_TO DO:_ Starting at the line below holding "ultimately show ?case" and stopping at the line holding "Xs (\<lambda>k. real", print every line exactly, both ends included, and leave the rest out.

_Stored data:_
# # # # #

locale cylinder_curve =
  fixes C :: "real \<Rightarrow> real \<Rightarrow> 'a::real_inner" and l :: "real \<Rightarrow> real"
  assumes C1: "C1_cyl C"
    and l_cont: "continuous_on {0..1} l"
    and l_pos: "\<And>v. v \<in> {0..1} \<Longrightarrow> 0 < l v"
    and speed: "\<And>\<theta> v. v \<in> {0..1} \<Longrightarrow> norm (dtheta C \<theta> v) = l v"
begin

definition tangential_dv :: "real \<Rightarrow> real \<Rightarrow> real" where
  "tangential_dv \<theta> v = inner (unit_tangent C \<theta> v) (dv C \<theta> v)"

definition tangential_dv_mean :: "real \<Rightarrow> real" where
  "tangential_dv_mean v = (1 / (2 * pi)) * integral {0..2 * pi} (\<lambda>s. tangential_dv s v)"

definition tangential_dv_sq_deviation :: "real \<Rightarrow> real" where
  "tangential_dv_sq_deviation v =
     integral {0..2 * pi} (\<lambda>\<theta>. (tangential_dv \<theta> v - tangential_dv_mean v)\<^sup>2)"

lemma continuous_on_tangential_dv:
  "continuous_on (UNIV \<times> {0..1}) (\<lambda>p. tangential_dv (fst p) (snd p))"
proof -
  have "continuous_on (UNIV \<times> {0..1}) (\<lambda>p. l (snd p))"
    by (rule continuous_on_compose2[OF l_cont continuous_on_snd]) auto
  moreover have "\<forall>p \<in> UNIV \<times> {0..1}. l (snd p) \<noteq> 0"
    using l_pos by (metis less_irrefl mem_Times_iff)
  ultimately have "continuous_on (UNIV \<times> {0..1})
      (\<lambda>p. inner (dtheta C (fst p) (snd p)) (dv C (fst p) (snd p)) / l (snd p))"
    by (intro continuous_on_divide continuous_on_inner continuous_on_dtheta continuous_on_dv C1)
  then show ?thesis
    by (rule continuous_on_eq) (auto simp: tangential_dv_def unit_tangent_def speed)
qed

# # # # #

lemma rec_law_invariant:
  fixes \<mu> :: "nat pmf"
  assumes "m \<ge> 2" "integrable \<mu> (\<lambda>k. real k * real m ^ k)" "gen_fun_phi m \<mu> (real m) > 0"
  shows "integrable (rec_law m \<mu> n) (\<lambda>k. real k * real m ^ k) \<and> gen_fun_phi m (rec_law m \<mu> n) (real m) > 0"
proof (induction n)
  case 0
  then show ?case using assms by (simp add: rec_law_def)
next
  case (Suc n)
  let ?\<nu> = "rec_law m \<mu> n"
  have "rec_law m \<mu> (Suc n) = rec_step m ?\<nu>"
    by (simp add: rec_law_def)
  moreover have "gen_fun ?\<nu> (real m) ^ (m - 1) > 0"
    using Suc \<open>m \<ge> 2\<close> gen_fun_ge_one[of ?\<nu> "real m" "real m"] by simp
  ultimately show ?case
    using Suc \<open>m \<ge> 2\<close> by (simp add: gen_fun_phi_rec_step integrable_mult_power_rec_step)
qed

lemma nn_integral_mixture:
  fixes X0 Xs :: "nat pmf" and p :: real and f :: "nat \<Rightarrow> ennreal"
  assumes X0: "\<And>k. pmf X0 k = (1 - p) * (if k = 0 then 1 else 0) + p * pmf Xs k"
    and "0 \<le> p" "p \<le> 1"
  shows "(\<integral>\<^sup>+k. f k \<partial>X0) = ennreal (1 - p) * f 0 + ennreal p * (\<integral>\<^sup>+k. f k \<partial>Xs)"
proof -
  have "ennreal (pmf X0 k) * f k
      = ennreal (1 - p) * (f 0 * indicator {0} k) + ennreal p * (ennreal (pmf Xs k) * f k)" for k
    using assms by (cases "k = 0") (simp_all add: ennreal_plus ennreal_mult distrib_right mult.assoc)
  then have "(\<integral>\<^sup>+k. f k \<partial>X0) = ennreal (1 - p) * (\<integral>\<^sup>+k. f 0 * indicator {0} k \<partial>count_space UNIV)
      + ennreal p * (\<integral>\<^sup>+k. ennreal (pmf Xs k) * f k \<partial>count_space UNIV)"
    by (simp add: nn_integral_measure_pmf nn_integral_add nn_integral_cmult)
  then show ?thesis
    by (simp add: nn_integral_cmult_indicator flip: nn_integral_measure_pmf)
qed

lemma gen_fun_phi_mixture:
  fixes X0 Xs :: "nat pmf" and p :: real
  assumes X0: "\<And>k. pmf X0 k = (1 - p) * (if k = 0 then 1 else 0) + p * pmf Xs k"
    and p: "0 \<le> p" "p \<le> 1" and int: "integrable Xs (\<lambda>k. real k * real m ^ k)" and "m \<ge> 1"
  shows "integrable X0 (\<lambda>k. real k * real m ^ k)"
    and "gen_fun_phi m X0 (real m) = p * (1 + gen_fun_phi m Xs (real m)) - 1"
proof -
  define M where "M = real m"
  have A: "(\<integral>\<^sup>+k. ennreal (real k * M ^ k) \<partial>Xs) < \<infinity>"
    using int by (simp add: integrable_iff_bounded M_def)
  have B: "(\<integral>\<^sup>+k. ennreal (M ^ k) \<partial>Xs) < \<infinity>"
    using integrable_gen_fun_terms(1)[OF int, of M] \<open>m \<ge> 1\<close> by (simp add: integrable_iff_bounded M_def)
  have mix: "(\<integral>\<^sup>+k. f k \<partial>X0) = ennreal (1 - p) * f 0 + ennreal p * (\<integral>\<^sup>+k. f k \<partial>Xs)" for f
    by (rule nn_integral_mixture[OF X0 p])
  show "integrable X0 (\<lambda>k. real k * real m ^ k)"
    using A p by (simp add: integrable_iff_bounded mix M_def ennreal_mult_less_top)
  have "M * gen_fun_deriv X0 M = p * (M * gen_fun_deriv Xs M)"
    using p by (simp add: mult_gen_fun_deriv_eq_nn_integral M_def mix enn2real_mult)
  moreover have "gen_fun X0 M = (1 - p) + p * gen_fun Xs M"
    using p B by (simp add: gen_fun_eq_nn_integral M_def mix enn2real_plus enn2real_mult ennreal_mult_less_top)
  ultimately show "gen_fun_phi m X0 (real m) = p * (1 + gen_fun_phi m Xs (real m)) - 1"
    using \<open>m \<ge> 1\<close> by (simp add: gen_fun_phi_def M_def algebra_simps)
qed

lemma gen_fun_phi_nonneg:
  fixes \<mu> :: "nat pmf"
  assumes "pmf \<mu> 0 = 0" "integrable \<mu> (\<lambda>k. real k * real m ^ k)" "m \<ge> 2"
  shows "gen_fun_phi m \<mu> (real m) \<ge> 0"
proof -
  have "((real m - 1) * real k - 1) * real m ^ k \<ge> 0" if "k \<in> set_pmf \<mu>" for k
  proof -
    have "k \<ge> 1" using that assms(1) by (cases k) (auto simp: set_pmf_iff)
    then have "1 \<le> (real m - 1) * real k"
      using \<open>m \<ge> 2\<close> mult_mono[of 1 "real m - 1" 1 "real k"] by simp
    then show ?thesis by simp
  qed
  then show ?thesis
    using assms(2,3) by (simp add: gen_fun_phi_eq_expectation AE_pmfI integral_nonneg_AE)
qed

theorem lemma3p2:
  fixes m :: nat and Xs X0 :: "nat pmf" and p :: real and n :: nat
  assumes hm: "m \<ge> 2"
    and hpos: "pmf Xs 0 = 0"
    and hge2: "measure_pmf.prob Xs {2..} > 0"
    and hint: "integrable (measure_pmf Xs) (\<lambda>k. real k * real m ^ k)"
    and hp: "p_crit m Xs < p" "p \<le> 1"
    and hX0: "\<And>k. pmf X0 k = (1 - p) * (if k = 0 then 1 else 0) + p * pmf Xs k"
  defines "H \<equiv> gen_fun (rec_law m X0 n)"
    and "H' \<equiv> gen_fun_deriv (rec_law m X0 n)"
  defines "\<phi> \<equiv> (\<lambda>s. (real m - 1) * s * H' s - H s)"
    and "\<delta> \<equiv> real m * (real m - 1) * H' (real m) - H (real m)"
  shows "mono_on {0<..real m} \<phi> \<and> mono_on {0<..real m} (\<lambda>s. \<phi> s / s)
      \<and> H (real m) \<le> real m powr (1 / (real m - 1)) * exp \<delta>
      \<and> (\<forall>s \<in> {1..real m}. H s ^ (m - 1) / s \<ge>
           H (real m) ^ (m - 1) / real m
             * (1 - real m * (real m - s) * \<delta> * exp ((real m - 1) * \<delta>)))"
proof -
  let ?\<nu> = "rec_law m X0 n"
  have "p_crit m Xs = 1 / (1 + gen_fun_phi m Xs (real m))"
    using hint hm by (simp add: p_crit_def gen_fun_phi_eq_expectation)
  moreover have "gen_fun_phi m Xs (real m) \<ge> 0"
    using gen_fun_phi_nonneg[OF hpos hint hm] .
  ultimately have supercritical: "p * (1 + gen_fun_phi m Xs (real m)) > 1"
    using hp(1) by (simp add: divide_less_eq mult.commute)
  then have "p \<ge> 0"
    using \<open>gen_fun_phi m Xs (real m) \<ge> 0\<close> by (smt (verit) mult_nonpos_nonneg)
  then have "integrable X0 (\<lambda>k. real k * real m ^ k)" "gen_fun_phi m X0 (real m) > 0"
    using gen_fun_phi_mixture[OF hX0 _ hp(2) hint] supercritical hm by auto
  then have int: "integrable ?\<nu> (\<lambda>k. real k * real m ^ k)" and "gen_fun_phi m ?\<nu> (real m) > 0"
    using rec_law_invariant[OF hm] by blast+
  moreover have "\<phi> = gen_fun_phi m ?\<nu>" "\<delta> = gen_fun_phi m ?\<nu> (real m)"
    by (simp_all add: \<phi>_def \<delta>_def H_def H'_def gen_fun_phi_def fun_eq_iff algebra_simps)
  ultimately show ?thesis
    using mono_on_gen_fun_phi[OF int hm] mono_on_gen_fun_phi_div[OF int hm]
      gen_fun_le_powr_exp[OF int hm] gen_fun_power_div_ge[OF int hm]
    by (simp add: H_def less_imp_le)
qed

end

# # # # #

_WRITTEN ANSWER:_
  ultimately show ?case
    using Suc \<open>m \<ge> 2\<close> by (simp add: gen_fun_phi_rec_step integrable_mult_power_rec_step)
qed

lemma nn_integral_mixture:
  fixes X0 Xs :: "nat pmf" and p :: real and f :: "nat \<Rightarrow> ennreal"
  assumes X0: "\<And>k. pmf X0 k = (1 - p) * (if k = 0 then 1 else 0) + p * pmf Xs k"
    and "0 \<le> p" "p \<le> 1"
  shows "(\<integral>\<^sup>+k. f k \<partial>X0) = ennreal (1 - p) * f 0 + ennreal p * (\<integral>\<^sup>+k. f k \<partial>Xs)"
proof -
  have "ennreal (pmf X0 k) * f k
      = ennreal (1 - p) * (f 0 * indicator {0} k) + ennreal p * (ennreal (pmf Xs k) * f k)" for k
    using assms by (cases "k = 0") (simp_all add: ennreal_plus ennreal_mult distrib_right mult.assoc)
  then have "(\<integral>\<^sup>+k. f k \<partial>X0) = ennreal (1 - p) * (\<integral>\<^sup>+k. f 0 * indicator {0} k \<partial>count_space UNIV)
      + ennreal p * (\<integral>\<^sup>+k. ennreal (pmf Xs k) * f k \<partial>count_space UNIV)"
    by (simp add: nn_integral_measure_pmf nn_integral_add nn_integral_cmult)
  then show ?thesis
    by (simp add: nn_integral_cmult_indicator flip: nn_integral_measure_pmf)
qed

lemma gen_fun_phi_mixture:
  fixes X0 Xs :: "nat pmf" and p :: real
  assumes X0: "\<And>k. pmf X0 k = (1 - p) * (if k = 0 then 1 else 0) + p * pmf Xs k"
    and p: "0 \<le> p" "p \<le> 1" and int: "integrable Xs (\<lambda>k. real k * real m ^ k)" and "m \<ge> 1"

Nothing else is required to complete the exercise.